Deployment scenarios Copied
The following sections describe various deployment scenarios, each with specific benefits and trade-offs. Understanding these helps you select the right configuration for your requirements.
Non-HA single or multi-node (BYOC) Copied
This configuration is suitable for proof-of-concept deployments and smaller production environments where high availability is not a strict requirement.
Common use cases:
- SaaS proof-of-concepts
- Small SaaS Geneos or Opsview observability deployments
- Development and testing environments
Characteristics:
- Lower infrastructure costs.
- Backup and restore available with 24-hour recovery time objective.
- Suitable for environments with flexible uptime requirements.
- Managed by ITRS cloud operations teams for SaaS deployments.
Note
Proof-of-concept deployments come with no guarantee of highly available data due to their exploratory nature.
Non-HA single or multi-node (Embedded Cluster) Copied
Similar to the BYOC non-HA configuration, but deployed on-premises using Embedded Cluster. This option has additional limitations around data protection.
Common use cases:
- On-premises proof-of-concept deployments
- Small production use cases with relaxed uptime requirements
Important considerations:
- Lower infrastructure costs.
- Backup and restore functionality is not supported (Velero doesn’t support node filesystem storage classes).
- Risk of complete data loss if a node fails catastrophically.
- Requires complete rebuild if storage is lost.
Warning
Since backup and restore is not supported with Embedded Cluster, organizations should carefully assess their data protection requirements before choosing this deployment method.
HA multi-node small to medium (BYOC) Copied
This is the workhorse configuration for customers interested in a native microservices environment for their observability platform. Organizations provision the Kubernetes cluster from a dedicated team or use in-house built automation.
Common use cases:
- SaaS production deployments
- On-premises production deployments
- Multi-site deployments
- Medium-sized enterprise observability platforms
Key features:
- Full high availability benefits
- Extendable storage classes
- Backup and restore procedures available
- Can be deployed in hot-hot or hot-warm configurations for disaster recovery
Disaster recovery options:
-
Daily backups: Take daily backups and use documented procedures to stop the platform, restore, and restart. Recovery typically requires several hours.
-
Hot-hot replication: Run multiple identical instances with continuous data replication. Provides immediate failover with no data loss. (Note: Production-level data twinning capabilities are currently being finalized.)
-
Hot-warm standby: A secondary instance ingests data but runs with reduced app capacity. During a disaster, documented runbooks reconfigure the system to bring up additional apps for extended operation. (Note: This approach is under development.)
Tip
For critical observability platforms, we recommend hot-hot configurations. When issues arise in your primary infrastructure, you need immediate access to your observability data to help triage problems—not hours of waiting for disaster recovery procedures.
Sizing notes:
- Medium configurations may require dedicated nodes for TimescaleDB.

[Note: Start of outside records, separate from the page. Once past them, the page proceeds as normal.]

definition strongly_connected :: "real^'e^'r \<Rightarrow> 'e osub \<Rightarrow> bool" where
  "strongly_connected M N \<longleftrightarrow> (case N of (S, eps) \<Rightarrow>
     (\<forall>e\<in>S. eps e \<in> {-1, 1}) \<and>
     (\<forall>e\<in>S. \<exists>w :: 'e \<Rightarrow> nat. w e \<ge> 1 \<and>
         (\<Sum>f\<in>S. (real (w f) * eps f) *\<^sub>R column f M) = 0))"

definition SC :: "real^'e^'r \<Rightarrow> 'e osub set" where
  "SC M = {N. strongly_connected M N}"

definition sc_le :: "'e osub \<Rightarrow> 'e osub \<Rightarrow> bool" where
  "sc_le N N' \<longleftrightarrow> (case N of (S, eps) \<Rightarrow> case N' of (S', eps') \<Rightarrow>
     S' \<subseteq> S \<and> (\<forall>e\<in>S'. eps' e = eps e))"

definition N_of :: "real^'e \<Rightarrow> 'e osub" where
  "N_of lam = (supp lam, \<lambda>e. sgn (lam $ e))"

definition phi :: "real^'e^'r \<Rightarrow> (real^'e) set \<Rightarrow> 'e osub" where
  "phi M F = (\<Union>\<gamma>\<in>U_face M F. supp \<gamma>,
     \<lambda>e. if e \<in> (\<Union>\<gamma>\<in>U_face M F. supp \<gamma>)
          then sgn ((SOME \<gamma>. \<gamma> \<in> U_face M F \<and> e \<in> supp \<gamma>) $ e) else 0)"

end

theory Submission
  imports Defs "Jordan_Normal_Form.Determinant"
begin

text \<open>By total unimodularity, every nonzero flow \<open>\<mu>\<close> dominates a conformal flow with entries in
\<open>{-1,0,1}\<close>: Cramer's rule applied to a support-minimal conformal flow. Peeling off such flows
gives \<open>2\<langle>x,\<mu>\<rangle> \<le> \<parallel>\<mu>\<parallel>\<^sub>1\<close> for every \<open>x \<in> V\<^sub>0\<close> and every lattice flow \<open>\<mu>\<close>, and for a circuit \<open>\<gamma>\<close>
the hyperplane \<open>F\<^sub>\<gamma>\<close> is exactly where this bound is tight. If two tight circuits were not
conformal, their sum would violate the bound, so the circuits of \<open>\<U>(F)\<close> are pairwise
conformal and \<open>\<phi>(F)\<close> records their common signs. Conversely, if \<open>\<lambda>\<close> is covered with matching
signs by circuits of \<open>\<U>(F)\<close>, their sum \<open>\<sigma>\<close> is tight on \<open>F\<close> and splits as
\<open>\<sigma> = \<lambda> + (\<sigma> - \<lambda>)\<close> with additive \<open>\<ell>\<^sub>1\<close>-norm, so tightness passes to \<open>\<lambda>\<close>.\<close>

no_notation Matrix.vec_index (infixl \<open>$\<close> 100)
no_notation Matrix.scalar_prod (infix \<open>\<bullet>\<close> 70)
lemma finite_residues_mod_multiples:
  assumes "finite S" "n > 0"
  shows "\<exists>F. finite F \<and> add_span S \<subseteq> F + range (zsmult n)"
  using assms(1)
proof (induction S rule: finite_induct)
  case empty
  have "(0::'a) \<in> {0} + range (zsmult n)"
    using set_plus_intro[OF singletonI rangeI, of 0 "zsmult n" 0] by simp
  then have "add_span ({} :: 'a set) \<subseteq> {0} + range (zsmult n)"
    by (simp add: add_span_empty)
  then show ?case by blast
next
  case (insert s S)
  then obtain F where F: "finite F" "add_span S \<subseteq> F + range (zsmult n)" by blast
  let ?F = "(\<lambda>r. zsmult r s) ` {0..<n} + F"
  have "add_span (insert s S) \<subseteq> ?F + range (zsmult n)"
  proof
    fix x assume "x \<in> add_span (insert s S)"
    then obtain t y where x: "x = zsmult t s + y" and "y \<in> add_span S"
      unfolding add_span_insert by (auto elim!: set_plus_elim)
    with F(2) obtain f w where f: "f \<in> F" and y: "y = f + zsmult n w"
      by (auto elim!: set_plus_elim)
    have "zsmult t s = zsmult (t mod n) s + zsmult n (zsmult (t div n) s)"
      by (metis mod_mult_div_eq zsmult_add_left zsmult_mult mult.commute add.commute)
    then have "x = (zsmult (t mod n) s + f) + zsmult n (zsmult (t div n) s + w)"
      unfolding x y zsmult_add_right by (simp add: ac_simps)
    moreover have "zsmult (t mod n) s + f \<in> ?F"
      using f assms(2) by (intro set_plus_intro) auto
    ultimately show "x \<in> ?F + range (zsmult n)" by auto
  qed
  moreover have "finite ?F"
    using F(1) by (intro finite_set_plus) auto
  ultimately show ?case by blast
qed

lemma finite_index_subgroup_kernel:
  fixes N :: "'a::ab_group_add set"
  assumes N: "add_subgroup N" and "finite F" "UNIV \<subseteq> F + N"
  obtains \<phi> :: "'a \<Rightarrow> nat" where "finite (range \<phi>)" "\<And>x y. \<phi> x = \<phi> y \<longleftrightarrow> x - y \<in> N"
proof -
  define coset where "coset x = {y. x - y \<in> N}" for x
  have coset_eq: "coset x = coset y \<longleftrightarrow> x - y \<in> N" for x y
  proof
    assume "coset x = coset y"
    moreover have "x \<in> coset x" unfolding coset_def using add_subgroup_0[OF N] by simp
    ultimately have "y - x \<in> N" unfolding coset_def by blast
    then show "x - y \<in> N" using add_subgroup_minus[OF N] by fastforce
  next
    assume xy: "x - y \<in> N"
    have "x - z \<in> N \<longleftrightarrow> y - z \<in> N" for z
      using add_subgroup_add[OF N xy, of "y - z"] add_subgroup_diff[OF N _ xy, of "x - z"]
      by auto
    then show "coset x = coset y" unfolding coset_def by blast
  qed
  have "range coset \<subseteq> coset ` F"
  proof safe
    fix x
    from subsetD[OF assms(3) UNIV_I] obtain f m where "x = f + m" "f \<in> F" "m \<in> N"
      by (rule set_plus_elim)
    then show "coset x \<in> coset ` F" using coset_eq[of x f] by auto
  qed
  then have fin: "finite (range coset)"
    using \<open>finite F\<close> finite_surj by blast
  then obtain g :: "'a set \<Rightarrow> nat" and k where g: "inj_on g (range coset)"
    using finite_imp_inj_to_nat_seg by blast
  show ?thesis
  proof
    show "finite (range (g \<circ> coset))"
      using finite_imageI[OF fin, of g] by (simp add: image_comp)
    show "(g \<circ> coset) x = (g \<circ> coset) y \<longleftrightarrow> x - y \<in> N" for x y
      using inj_on_eq_iff[OF g rangeI rangeI] coset_eq by simp
  qed
qed

lemma finite_ring_on_range:
  fixes \<phi> :: "'a::ring \<Rightarrow> nat"
  assumes fin: "finite (range \<phi>)"
    and cadd: "\<And>x x' y y'. \<phi> x = \<phi> x' \<Longrightarrow> \<phi> y = \<phi> y' \<Longrightarrow> \<phi> (x + y) = \<phi> (x' + y')"
    and cmul: "\<And>x x' y y'. \<phi> x = \<phi> x' \<Longrightarrow> \<phi> y = \<phi> y' \<Longrightarrow> \<phi> (x * y) = \<phi> (x' * y')"
    and cneg: "\<And>x x'. \<phi> x = \<phi> x' \<Longrightarrow> \<phi> (- x) = \<phi> (- x')"
  shows "\<exists>(F::nat set) pl ml z ng. finite F \<and> is_ring F pl ml z ng \<and> is_ring_hom \<phi> F pl ml"
proof -
  define r where "r = inv \<phi>"
  have r: "\<phi> (r (\<phi> x)) = \<phi> x" for x unfolding r_def by (simp add: f_inv_into_f)
  define pl where "pl i j = \<phi> (r i + r j)" for i j
  define ml where "ml i j = \<phi> (r i * r j)" for i j
  define ng where "ng i = \<phi> (- r i)" for i
  have pl: "pl (\<phi> x) (\<phi> y) = \<phi> (x + y)" for x y unfolding pl_def by (rule cadd[OF r r])
  have ml: "ml (\<phi> x) (\<phi> y) = \<phi> (x * y)" for x y unfolding ml_def by (rule cmul[OF r r])
  have ng: "ng (\<phi> x) = \<phi> (- x)" for x unfolding ng_def by (rule cneg[OF r])
  have ball_range: "(\<forall>i\<in>range \<phi>. P i) \<longleftrightarrow> (\<forall>x. P (\<phi> x))" for P by auto
  have "is_ring (range \<phi>) pl ml (\<phi> 0) ng"
    unfolding is_ring_def ball_range pl ml ng by (simp add: algebra_simps)
  moreover have "is_ring_hom \<phi> (range \<phi>) pl ml"
    unfolding is_ring_hom_def pl ml by simp
  ultimately show ?thesis using fin by blast
qed

lemma finite_quotient_ring:
  fixes N :: "'a::ring set"
  assumes N: "add_subgroup N"
    and ideal: "\<And>x y. x \<in> N \<Longrightarrow> x * y \<in> N" "\<And>x y. y \<in> N \<Longrightarrow> x * y \<in> N"
    and "finite F" "UNIV \<subseteq> F + N"
  shows "\<exists>(R::nat set) pl ml z ng \<phi>. finite R \<and> is_ring R pl ml z ng \<and>
           is_ring_hom \<phi> R pl ml \<and> (\<forall>x y. \<phi> x = \<phi> y \<longleftrightarrow> x - y \<in> N)"
proof -
  obtain \<phi> :: "'a \<Rightarrow> nat" where fin: "finite (range \<phi>)"
    and ker: "\<And>x y. \<phi> x = \<phi> y \<longleftrightarrow> x - y \<in> N"
    using finite_index_subgroup_kernel[OF N \<open>finite F\<close> \<open>UNIV \<subseteq> F + N\<close>] by blast
  have "\<exists>(R::nat set) pl ml z ng. finite R \<and> is_ring R pl ml z ng \<and> is_ring_hom \<phi> R pl ml"
  proof (rule finite_ring_on_range[OF fin])
    fix x x' y y' assume "\<phi> x = \<phi> x'" "\<phi> y = \<phi> y'"
    then have x: "x - x' \<in> N" and y: "y - y' \<in> N" by (simp_all add: ker)
    have "(x + y) - (x' + y') = (x - x') + (y - y')" by simp
    then show "\<phi> (x + y) = \<phi> (x' + y')"
      unfolding ker using add_subgroup_add[OF N x y] by (simp only:)
    have "x * y - x' * y' = (x - x') * y + x' * (y - y')" by (simp add: algebra_simps)
    then show "\<phi> (x * y) = \<phi> (x' * y')"
      unfolding ker using add_subgroup_add[OF N ideal(1)[OF x] ideal(2)[OF y]] by (simp only:)
  next
    fix x x' assume "\<phi> x = \<phi> x'"
    then have "x - x' \<in> N" by (simp add: ker)
    then show "\<phi> (- x) = \<phi> (- x')"
      using add_subgroup_minus[OF N] by (fastforce simp: ker)
  qed
  with ker show ?thesis by blast
qed

theorem lemma5:
  assumes "add_fin_gen TYPE('a::ring)"
  shows "finitely_separable TYPE('a)"
  unfolding finitely_separable_def
proof (intro allI impI)
  fix a :: 'a and A assume "subring A" "a \<notin> A"
  obtain S :: "'a set" where S: "finite S" "add_span S = UNIV"
    using assms unfolding add_fin_gen_def by blast
  have A: "add_subgroup A"
    using \<open>subring A\<close> unfolding subring_def add_subgroup_def by blast
  obtain n where n: "n > 0" "a \<notin> A + range (zsmult n)"
    using finitely_generated_subgroup_separable[OF S(1) A, of a] S(2) \<open>a \<notin> A\<close> by auto
  obtain F :: "'a set" where F: "finite F" "UNIV \<subseteq> F + range (zsmult n)"
    using finite_residues_mod_multiples[OF S(1) n(1)] unfolding S(2) by blast
  have ideal: "x * y \<in> range (zsmult n)" "y * x \<in> range (zsmult n)"
    if "x \<in> range (zsmult n)" for x y :: 'a
    using that by (auto simp: zsmult_mult_left zsmult_mult_right)
  obtain R :: "nat set" and pl ml z ng and \<phi> :: "'a \<Rightarrow> nat" where ring: "finite R" "is_ring R pl ml z ng" "is_ring_hom \<phi> R pl ml"
    and ker: "\<And>x y. \<phi> x = \<phi> y \<longleftrightarrow> x - y \<in> range (zsmult n)"
    using finite_quotient_ring[OF add_subgroup_range_zsmult ideal F] by blast
  have "\<phi> a \<notin> \<phi> ` A"
  proof
    assume "\<phi> a \<in> \<phi> ` A"
    then obtain b where "b \<in> A" "a - b \<in> range (zsmult n)" using ker by blast
    then have "b + (a - b) \<in> A + range (zsmult n)" by (rule set_plus_intro)
    with n(2) show False by simp
  qed
  with ring show "\<exists>(F::nat set) pl ml z ng \<phi>. finite F \<and> is_ring F pl ml z ng \<and>
      is_ring_hom \<phi> F pl ml \<and> \<phi> a \<notin> \<phi> ` A"
    by blast
qed

end
(* Let $w$ be a non-degenerate 4-web on an open subset of $\mathbb{R}^3$ formed by three foliations by surfaces and one foliation by curves. Then the rank of $w$ is at most $2$.
   Context: For a web $w$ formed by foliations $\mathcal{F}_1,\dots,\mathcal{F}_d$ (leaves may have different dimensions), an abelian relation is a $d$-tuple of 1-forms $(\sigma_1,\dots,\sigma_d)$ such that each $\sigma_i$ vanishes on the leaves of $\mathcal{F}_i$, each $\sigma_i$ is closed, and $\sigma_1+\dots+\sigma_d=0$; the rank of $w$ is the dimension of the real vector space of abelian relations. Non-degenerate means: the tangent planes of the three surface foliations are in general position at each point (their conormal covectors form a basis of the cotangent space), and the tangent line of the curve foliation is, at each point, not contained in the tangent plane of any of the three surface foliations. The statement is local. *)

theory Defs
  imports "HOL-Analysis.Analysis" "HOL-Library.Extended_Nat"
begin

text \<open>We work in coordinates on an open subset of real^3.
  A 1-form (and also a covector field) on a set is a map real^3 to real^3,
  the value at x being the coefficient vector (a1,a2,a3) of a1 dx1 + a2 dx2 + a3 dx3;
  pairing with tangent vectors is the inner product.\<close>

definition pdiff :: "3 \<Rightarrow> (real^3 \<Rightarrow> real^3) \<Rightarrow> real^3 \<Rightarrow> real^3" where
  "pdiff j f x = vector_derivative (\<lambda>t. f (x + t *\<^sub>R axis j 1)) (at 0)"

fun iter_pd :: "3 list \<Rightarrow> (real^3 \<Rightarrow> real^3) \<Rightarrow> real^3 \<Rightarrow> real^3" where
  "iter_pd [] f = f"
| "iter_pd (j # js) f = pdiff j (iter_pd js f)"

definition smooth_on :: "(real^3) set \<Rightarrow> (real^3 \<Rightarrow> real^3) \<Rightarrow> bool" where
  "smooth_on U f \<longleftrightarrow>
     (\<forall>js. continuous_on U (iter_pd js f) \<and>
        (\<forall>j. \<forall>x\<in>U. (\<lambda>t. iter_pd js f (x + t *\<^sub>R axis j 1)) differentiable (at 0)))"

definition closed_form :: "(real^3) set \<Rightarrow> (real^3 \<Rightarrow> real^3) \<Rightarrow> bool" where
  "closed_form U \<sigma> \<longleftrightarrow> (\<forall>x\<in>U. \<forall>j k. pdiff j \<sigma> x $ k = pdiff k \<sigma> x $ j)"

text \<open>A (smooth, codimension one) foliation by surfaces, given by a smooth nowhere
  vanishing conormal field nu satisfying the Frobenius integrability condition
  nu /\ d nu = 0; the tangent plane of the leaf through x is the kernel of nu x.\<close>
definition surface_foliation :: "(real^3) set \<Rightarrow> (real^3 \<Rightarrow> real^3) \<Rightarrow> bool" where
  "surface_foliation U \<nu> \<longleftrightarrow> smooth_on U \<nu> \<and> (\<forall>x\<in>U. \<nu> x \<noteq> 0) \<and>
     (\<forall>x\<in>U. \<nu> x $ 1 * (pdiff 2 \<nu> x $ 3 - pdiff 3 \<nu> x $ 2)
            + \<nu> x $ 2 * (pdiff 3 \<nu> x $ 1 - pdiff 1 \<nu> x $ 3)
            + \<nu> x $ 3 * (pdiff 1 \<nu> x $ 2 - pdiff 2 \<nu> x $ 1) = 0)"

text \<open>A (smooth) foliation by curves, given by a smooth nowhere vanishing tangent
  vector field v; the tangent line of the leaf through x is spanned by v x.\<close>
definition curve_foliation :: "(real^3) set \<Rightarrow> (real^3 \<Rightarrow> real^3) \<Rightarrow> bool" where
  "curve_foliation U v \<longleftrightarrow> smooth_on U v \<and> (\<forall>x\<in>U. v x \<noteq> 0)"

definition nondegenerate_web ::
  "(real^3) set \<Rightarrow> (real^3 \<Rightarrow> real^3) \<Rightarrow> (real^3 \<Rightarrow> real^3) \<Rightarrow> (real^3 \<Rightarrow> real^3)
     \<Rightarrow> (real^3 \<Rightarrow> real^3) \<Rightarrow> bool" where
  "nondegenerate_web U \<nu>1 \<nu>2 \<nu>3 v \<longleftrightarrow>
     (\<forall>x\<in>U. det (vector [\<nu>1 x, \<nu>2 x, \<nu>3 x] :: real^3^3) \<noteq> 0 \<and>
             \<nu>1 x \<bullet> v x \<noteq> 0 \<and> \<nu>2 x \<bullet> v x \<noteq> 0 \<and> \<nu>3 x \<bullet> v x \<noteq> 0)"

definition abelian_relation ::
  "(real^3) set \<Rightarrow> (real^3 \<Rightarrow> real^3) \<Rightarrow> (real^3 \<Rightarrow> real^3) \<Rightarrow> (real^3 \<Rightarrow> real^3)
     \<Rightarrow> (real^3 \<Rightarrow> real^3) \<Rightarrow> (nat \<Rightarrow> real^3 \<Rightarrow> real^3) \<Rightarrow> bool" where
  "abelian_relation V \<nu>1 \<nu>2 \<nu>3 v \<sigma> \<longleftrightarrow>
     (\<forall>i<4. smooth_on V (\<sigma> i) \<and> closed_form V (\<sigma> i)) \<and>
     (\<forall>x\<in>V. \<forall>t. \<nu>1 x \<bullet> t = 0 \<longrightarrow> \<sigma> 0 x \<bullet> t = 0) \<and>
     (\<forall>x\<in>V. \<forall>t. \<nu>2 x \<bullet> t = 0 \<longrightarrow> \<sigma> 1 x \<bullet> t = 0) \<and>
     (\<forall>x\<in>V. \<forall>t. \<nu>3 x \<bullet> t = 0 \<longrightarrow> \<sigma> 2 x \<bullet> t = 0) \<and>
     (\<forall>x\<in>V. \<sigma> 3 x \<bullet> v x = 0) \<and>
     (\<forall>x\<in>V. \<sigma> 0 x + \<sigma> 1 x + \<sigma> 2 x + \<sigma> 3 x = 0)"

definition forms_lin_indep ::
  "(real^3) set \<Rightarrow> nat \<Rightarrow> (nat \<Rightarrow> nat \<Rightarrow> real^3 \<Rightarrow> real^3) \<Rightarrow> bool" where
  "forms_lin_indep V k \<rho> \<longleftrightarrow>
     (\<forall>c::nat \<Rightarrow> real. (\<forall>i<4. \<forall>x\<in>V. (\<Sum>j<k. c j *\<^sub>R \<rho> j i x) = 0) \<longrightarrow> (\<forall>j<k. c j = 0))"

text \<open>The rank: dimension of the real vector space of abelian relations on V
  (as an extended natural number; infinity if infinite dimensional).\<close>
definition web_rank ::
  "(real^3) set \<Rightarrow> (real^3 \<Rightarrow> real^3) \<Rightarrow> (real^3 \<Rightarrow> real^3) \<Rightarrow> (real^3 \<Rightarrow> real^3)
     \<Rightarrow> (real^3 \<Rightarrow> real^3) \<Rightarrow> enat" where
  "web_rank V \<nu>1 \<nu>2 \<nu>3 v =
     Sup {enat k | k. \<exists>\<rho>. (\<forall>j<k. abelian_relation V \<nu>1 \<nu>2 \<nu>3 v (\<rho> j)) \<and> forms_lin_indep V k \<rho>}"

end

theory Submission
  imports Defs
begin

text \<open>The surface components of an abelian relation are \<open>\<sigma>\<^sub>i = f\<^sub>i \<nu>\<^sub>i\<close>, and the curve
  component is \<open>-(\<sigma>\<^sub>1 + \<sigma>\<^sub>2 + \<sigma>\<^sub>3)\<close>, so it only imposes \<open>\<Sum>\<^sub>i f\<^sub>i (\<nu>\<^sub>i \<bullet> v) = 0\<close>.
  Closedness of \<open>f\<^sub>i \<nu>\<^sub>i\<close> determines \<open>\<nabla>f\<^sub>i\<close> up to a multiple of \<open>\<nu>\<^sub>i\<close>, and differentiating the
  constraint fixes the remaining components, because the \<open>\<nu>\<^sub>i\<close> form a basis and \<open>\<nu>\<^sub>i \<bullet> v \<noteq> 0\<close>.
  Thus \<open>f = (f\<^sub>1, f\<^sub>2, f\<^sub>3)\<close> satisfies \<open>|\<nabla>f| \<le> \<kappa> |f|\<close> with \<open>\<kappa>\<close> continuous, and a Gronwall
  argument along coordinate segments of a box around \<open>p\<close> shows that the relation vanishes on the
  box once \<open>f(p) = 0\<close>. Since \<open>f(p)\<close> lies in the plane orthogonal to \<open>(\<nu>\<^sub>i(p) \<bullet> v(p))\<^sub>i\<close>,
  any three abelian relations are linearly dependent.\<close>

unbundle cross3_syntax

definition grad :: "(real^3 \<Rightarrow> real) \<Rightarrow> real^3 \<Rightarrow> real^3" where
  "grad g x = (\<chi> j. deriv (\<lambda>t. g (x + t *\<^sub>R axis j 1)) 0)"

definition has_grad :: "(real^3 \<Rightarrow> real) \<Rightarrow> real^3 \<Rightarrow> real^3 \<Rightarrow> bool" where
  "has_grad g G x \<longleftrightarrow> (\<forall>j. ((\<lambda>t. g (x + t *\<^sub>R axis j 1)) has_real_derivative G $ j) (at 0))"

definition curl :: "(real^3 \<Rightarrow> real^3) \<Rightarrow> real^3 \<Rightarrow> real^3" where
  "curl \<nu> x = vector [pdiff 2 \<nu> x $ 3 - pdiff 3 \<nu> x $ 2, pdiff 3 \<nu> x $ 1 - pdiff 1 \<nu> x $ 3,
                     pdiff 1 \<nu> x $ 2 - pdiff 2 \<nu> x $ 1]"

lemma smooth_on_continuous: "smooth_on U f \<Longrightarrow> continuous_on U f"
  unfolding smooth_on_def by (metis iter_pd.simps(1))

lemma smooth_on_continuous_pdiff: "smooth_on U f \<Longrightarrow> continuous_on U (pdiff j f)"
  unfolding smooth_on_def by (metis iter_pd.simps)

lemma smooth_on_subset: "smooth_on U f \<Longrightarrow> V \<subseteq> U \<Longrightarrow> smooth_on V f"
  unfolding smooth_on_def by (meson continuous_on_subset subsetD)

lemma has_vector_derivative_pdiff:
  "(\<lambda>t. f (x + t *\<^sub>R axis j 1)) differentiable (at 0) \<Longrightarrow>
   ((\<lambda>t. f (x + t *\<^sub>R axis j 1)) has_vector_derivative pdiff j f x) (at 0)"
  unfolding pdiff_def by (simp add: vector_derivative_works[symmetric])

lemma smooth_on_has_vector_derivative_pdiff:
  "smooth_on U f \<Longrightarrow> x \<in> U \<Longrightarrow> ((\<lambda>t. f (x + t *\<^sub>R axis j 1)) has_vector_derivative pdiff j f x) (at 0)"
  unfolding smooth_on_def by (metis has_vector_derivative_pdiff iter_pd.simps(1))

lemma has_vector_derivative_line_transform:
  fixes f g :: "real^3 \<Rightarrow> 'a::real_normed_vector"
  assumes "((\<lambda>t. g (x + t *\<^sub>R axis j 1)) has_vector_derivative d) (at 0)"
    and "open V" "x \<in> V" "\<And>y. y \<in> V \<Longrightarrow> f y = g y"
  shows "((\<lambda>t. f (x + t *\<^sub>R axis j 1)) has_vector_derivative d) (at 0)"
proof -
  have "open ((\<lambda>t. x + t *\<^sub>R axis j 1) -` V)"
    by (rule continuous_open_vimage[OF \<open>open V\<close>]) (intro continuous_intros)
  then show ?thesis
    by (rule has_vector_derivative_transform_within_open[OF assms(1)]) (use assms(3,4) in auto)
qed

lemma has_grad_imp_grad: "has_grad g G x \<Longrightarrow> grad g x = G"
  unfolding has_grad_def grad_def by (simp add: DERIV_imp_deriv vec_eq_iff)

lemma has_grad_grad: "has_grad g G x \<Longrightarrow> has_grad g (grad g x) x"
  by (frule has_grad_imp_grad) simp

lemma has_grad_gradI:
  "(\<And>j. \<exists>d. ((\<lambda>t. g (x + t *\<^sub>R axis j 1)) has_real_derivative d) (at 0)) \<Longrightarrow>
   has_grad g (grad g x) x"
  unfolding has_grad_def grad_def by (auto simp: DERIV_deriv_iff_has_field_derivative)

lemma has_grad_add: "has_grad f F x \<Longrightarrow> has_grad g G x \<Longrightarrow> has_grad (\<lambda>y. f y + g y) (F + G) x"
  unfolding has_grad_def by (auto intro!: derivative_eq_intros)

lemma has_grad_mult:
  "has_grad f F x \<Longrightarrow> has_grad g G x \<Longrightarrow> has_grad (\<lambda>y. f y * g y) (g x *\<^sub>R F + f x *\<^sub>R G) x"
  unfolding has_grad_def by (auto intro!: derivative_eq_intros simp: algebra_simps)

lemma has_grad_inner:
  assumes "smooth_on U f" "smooth_on U g" "x \<in> U"
  shows "has_grad (\<lambda>y. f y \<bullet> g y) (\<chi> j. pdiff j f x \<bullet> g x + f x \<bullet> pdiff j g x) x"
  unfolding has_grad_def has_real_derivative_iff_has_vector_derivative
  using bounded_bilinear.has_vector_derivative[OF bounded_bilinear_inner
      smooth_on_has_vector_derivative_pdiff[OF assms(1,3)] smooth_on_has_vector_derivative_pdiff[OF assms(2,3)]]
  by (simp add: add.commute)

lemma has_grad_zero_on_open:
  assumes "has_grad g G x" "open V" "x \<in> V" "\<And>y. y \<in> V \<Longrightarrow> g y = 0"
  shows "G = 0"
proof -
  have "((\<lambda>t. g (x + t *\<^sub>R axis j 1)) has_vector_derivative 0) (at 0)" for j
    by (rule has_vector_derivative_line_transform[OF has_vector_derivative_const assms(2-4)])
  moreover have "((\<lambda>t. g (x + t *\<^sub>R axis j 1)) has_vector_derivative G $ j) (at 0)" for j
    using assms(1) unfolding has_grad_def has_real_derivative_iff_has_vector_derivative by blast
  ultimately show ?thesis
    by (metis vec_eq_iff vector_derivative_unique_at zero_index)
qed

lemma has_real_derivative_line_shift:
  assumes "has_grad g G (x + t *\<^sub>R axis j 1)"
  shows "((\<lambda>s. g (x + s *\<^sub>R axis j 1)) has_real_derivative G $ j) (at t)"
  using assms DERIV_shift[of "\<lambda>s. g (x + s *\<^sub>R axis j 1)" "G $ j" 0 t]
  unfolding has_grad_def by (simp add: scaleR_add_left add_ac)

definition conormal_coeff :: "(real^3 \<Rightarrow> real^3) \<Rightarrow> (real^3 \<Rightarrow> real^3) \<Rightarrow> real^3 \<Rightarrow> real" where
  "conormal_coeff \<nu> \<tau> x = (\<tau> x \<bullet> \<nu> x) / (\<nu> x \<bullet> \<nu> x)"

text \<open>Only first-order differentiability is required of \<open>\<tau>\<close>, so that the notion is
  evidently closed under linear combinations.\<close>
definition closed_multiple :: "(real^3) set \<Rightarrow> (real^3 \<Rightarrow> real^3) \<Rightarrow> (real^3 \<Rightarrow> real^3) \<Rightarrow> bool" where
  "closed_multiple V \<nu> \<tau> \<longleftrightarrow>
     (\<forall>x\<in>V. \<forall>j. (\<lambda>t. \<tau> (x + t *\<^sub>R axis j 1)) differentiable (at 0)) \<and> closed_form V \<tau> \<and>
     (\<forall>x\<in>V. \<forall>t. \<nu> x \<bullet> t = 0 \<longrightarrow> \<tau> x \<bullet> t = 0)"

- ClickHouse requires node selectors only in large implementations.
- See Resource and hardware requirements for detailed specifications.
HA multi-node large (BYOC) Copied
This deployment is designed for high-throughput environments requiring 100,000 messages per second or more. ITRS SaaS teams can deploy this for larger customers or, over time, extend it to support a multi-tenant system.
Common use cases:
- SaaS production for large customers
- Large enterprise single-deployment environments
- Multi-tenant SaaS platforms
Architecture requirements:
- Storage systems (ClickHouse or TimescaleDB) require dedicated nodes
- Kubernetes node selectors ensure only designated workloads are scheduled on storage nodes
- Full high availability across all components
- Enterprise-grade disaster recovery capabilities
Deployment scenarios:
- Single large deployment for enterprise-wide observability
- Alternative to multiple smaller regional deployments
- Foundation for multi-tenant SaaS offerings
Note
Large deployments provide the same disaster recovery options as medium deployments (backup/restore, hot-hot, hot-warm) but at a scale suitable for the most demanding observability requirements.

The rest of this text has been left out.